lemma mgf_le_cubic:
  assumes l: "0 \<le> l"
  shows "mgf q g l \<le> 1 + l\<^sup>2 * V / 2 + l ^ 3 * B ^ 3 * exp (l * B) / 6"
proof -
  have "mgf q g l \<le> (\<Sum>a\<in>UNIV. q a * ((1 + l ^ 3 * B ^ 3 * exp (l * B) / 6) + l * g a + l\<^sup>2 / 2 * (g a)\<^sup>2))"
    unfolding mgf_def
  proof (intro sum_mono mult_left_mono q_nonneg)
    fix a
    have "exp (l * g a) \<le> 1 + l * g a + (l * g a)\<^sup>2 / 2 + \<bar>l * g a\<bar> ^ 3 * exp \<bar>l * g a\<bar> / 6"
      by (rule exp_le_cubic_Taylor)
    also have "\<bar>l * g a\<bar> ^ 3 * exp \<bar>l * g a\<bar> \<le> (l * B) ^ 3 * exp (l * B)"
      using abs_mult_le[OF l, of a] by (intro mult_mono power_mono) auto
    finally show "exp (l * g a) \<le> (1 + l ^ 3 * B ^ 3 * exp (l * B) / 6) + l * g a + l\<^sup>2 / 2 * (g a)\<^sup>2"
      by (simp add: power_mult_distrib)
  qed
  then show ?thesis
    by (simp only: expectation_quadratic)
qed

lemma mgf_le_quadratic:
  assumes l: "0 \<le> l"
  shows "mgf q g l \<le> 1 + l\<^sup>2 * B\<^sup>2 * exp (l * B) / 2"
proof -
  have "mgf q g l \<le> (\<Sum>a\<in>UNIV. q a * ((1 + l\<^sup>2 * B\<^sup>2 * exp (l * B) / 2) + l * g a + 0 * (g a)\<^sup>2))"
    unfolding mgf_def
  proof (intro sum_mono mult_left_mono q_nonneg)
    fix a
    have "exp (l * g a) - 1 - l * g a \<le> (l * g a)\<^sup>2 * exp \<bar>l * g a\<bar> / 2"
      using abs_exp_minus_one_minus_le[of "l * g a"] by linarith
    also have "(l * g a)\<^sup>2 * exp \<bar>l * g a\<bar> \<le> (l * B)\<^sup>2 * exp (l * B)"
      using abs_mult_le[OF l, of a] square_mult_le[OF l, of a] by (intro mult_mono) auto
    finally show "exp (l * g a) \<le> (1 + l\<^sup>2 * B\<^sup>2 * exp (l * B) / 2) + l * g a + 0 * (g a)\<^sup>2"
      by (simp add: power_mult_distrib)
  qed
  then show ?thesis
    by (simp only: expectation_quadratic)
qed

lemma mgf_ge_cubic:
  assumes l: "0 \<le> l"
  shows "1 + l\<^sup>2 * V / 2 - l ^ 3 * B ^ 3 / 6 \<le> mgf q g l"
proof -
  have "(\<Sum>a\<in>UNIV. q a * ((1 - l ^ 3 * B ^ 3 / 6) + l * g a + l\<^sup>2 / 2 * (g a)\<^sup>2)) \<le> mgf q g l"
    unfolding mgf_def
  proof (intro sum_mono mult_left_mono q_nonneg)
    fix a
    have "\<bar>(l * g a) ^ 3\<bar> \<le> (l * B) ^ 3"
      using abs_mult_le[OF l, of a] by (metis power_abs power_mono abs_ge_zero)
    then have "- ((l * B) ^ 3) \<le> (l * g a) ^ 3"
      by linarith
    then have "(1 - l ^ 3 * B ^ 3 / 6) + l * g a + l\<^sup>2 / 2 * (g a)\<^sup>2
        \<le> 1 + l * g a + (l * g a)\<^sup>2 / 2 + (l * g a) ^ 3 / 6"
      by (simp add: power_mult_distrib)
    also have "\<dots> \<le> exp (l * g a)"
      by (rule cubic_Taylor_le_exp)
    finally show "(1 - l ^ 3 * B ^ 3 / 6) + l * g a + l\<^sup>2 / 2 * (g a)\<^sup>2 \<le> exp (l * g a)" .
  qed
  then show ?thesis
    by (simp only: expectation_quadratic)
qed

lemma abs_sum_exp_mult_minus_le:
  assumes l: "0 \<le> l"
  shows "\<bar>(\<Sum>a\<in>UNIV. q a * exp (l * g a) * g a) - l * V\<bar> \<le> l\<^sup>2 * B ^ 3 * exp (l * B) / 2"
proof -
  let ?r = "\<lambda>a. exp (l * g a) - 1 - l * g a"
  have "(\<Sum>a\<in>UNIV. q a * (g a * ?r a))
      = (\<Sum>a\<in>UNIV. q a * exp (l * g a) * g a - q a * g a - l * (q a * (g a)\<^sup>2))"
    by (intro sum.cong) (auto simp: algebra_simps power2_eq_square)
  also have "\<dots> = (\<Sum>a\<in>UNIV. q a * exp (l * g a) * g a) - (\<Sum>a\<in>UNIV. q a * g a) - l * (\<Sum>a\<in>UNIV. q a * (g a)\<^sup>2)"
    by (simp add: sum_subtractf sum_distrib_left)
  finally have eq: "(\<Sum>a\<in>UNIV. q a * exp (l * g a) * g a) - l * V = (\<Sum>a\<in>UNIV. q a * (g a * ?r a))"
    using mean Vdef by simp
  have "\<bar>\<Sum>a\<in>UNIV. q a * (g a * ?r a)\<bar> \<le> (\<Sum>a\<in>UNIV. q a * (B * ((l * B)\<^sup>2 * exp (l * B) / 2)))"
  proof (rule order_trans[OF sum_abs], intro sum_mono)
    fix a
    have "\<bar>?r a\<bar> \<le> (l * g a)\<^sup>2 * exp \<bar>l * g a\<bar> / 2"
      by (rule abs_exp_minus_one_minus_le)
    also have "\<dots> \<le> (l * B)\<^sup>2 * exp (l * B) / 2"
      using abs_mult_le[OF l, of a] square_mult_le[OF l, of a] by (intro divide_right_mono mult_mono) auto
    finally have "\<bar>g a * ?r a\<bar> \<le> B * ((l * B)\<^sup>2 * exp (l * B) / 2)"
      unfolding abs_mult using gB[of a] by (intro mult_mono) auto
    then have "q a * \<bar>g a * ?r a\<bar> \<le> q a * (B * ((l * B)\<^sup>2 * exp (l * B) / 2))"
      by (rule mult_left_mono) (rule q_nonneg)
    then show "\<bar>q a * (g a * ?r a)\<bar> \<le> q a * (B * ((l * B)\<^sup>2 * exp (l * B) / 2))"
      using q_nonneg[of a] by (simp add: abs_mult)
  qed
  also have "\<dots> = (\<Sum>a\<in>UNIV. q a) * (B * ((l * B)\<^sup>2 * exp (l * B) / 2))"
    by (rule sum_distrib_right[symmetric])
  also have "\<dots> = l\<^sup>2 * B ^ 3 * exp (l * B) / 2"
    using sum_q by (simp add: power_mult_distrib power3_eq_cube power2_eq_square)
  finally show ?thesis
    using eq by simp
qed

> _EXERCISE GOAL_
For each line above that contains "rule", make a copy.

> _EXERCISE ANSWER_
      by (rule exp_le_cubic_Taylor)
      by (rule cubic_Taylor_le_exp)
  proof (rule order_trans[OF sum_abs], intro sum_mono)
      by (rule abs_exp_minus_one_minus_le)
      by (rule mult_left_mono) (rule q_nonneg)
    by (rule sum_distrib_right[symmetric])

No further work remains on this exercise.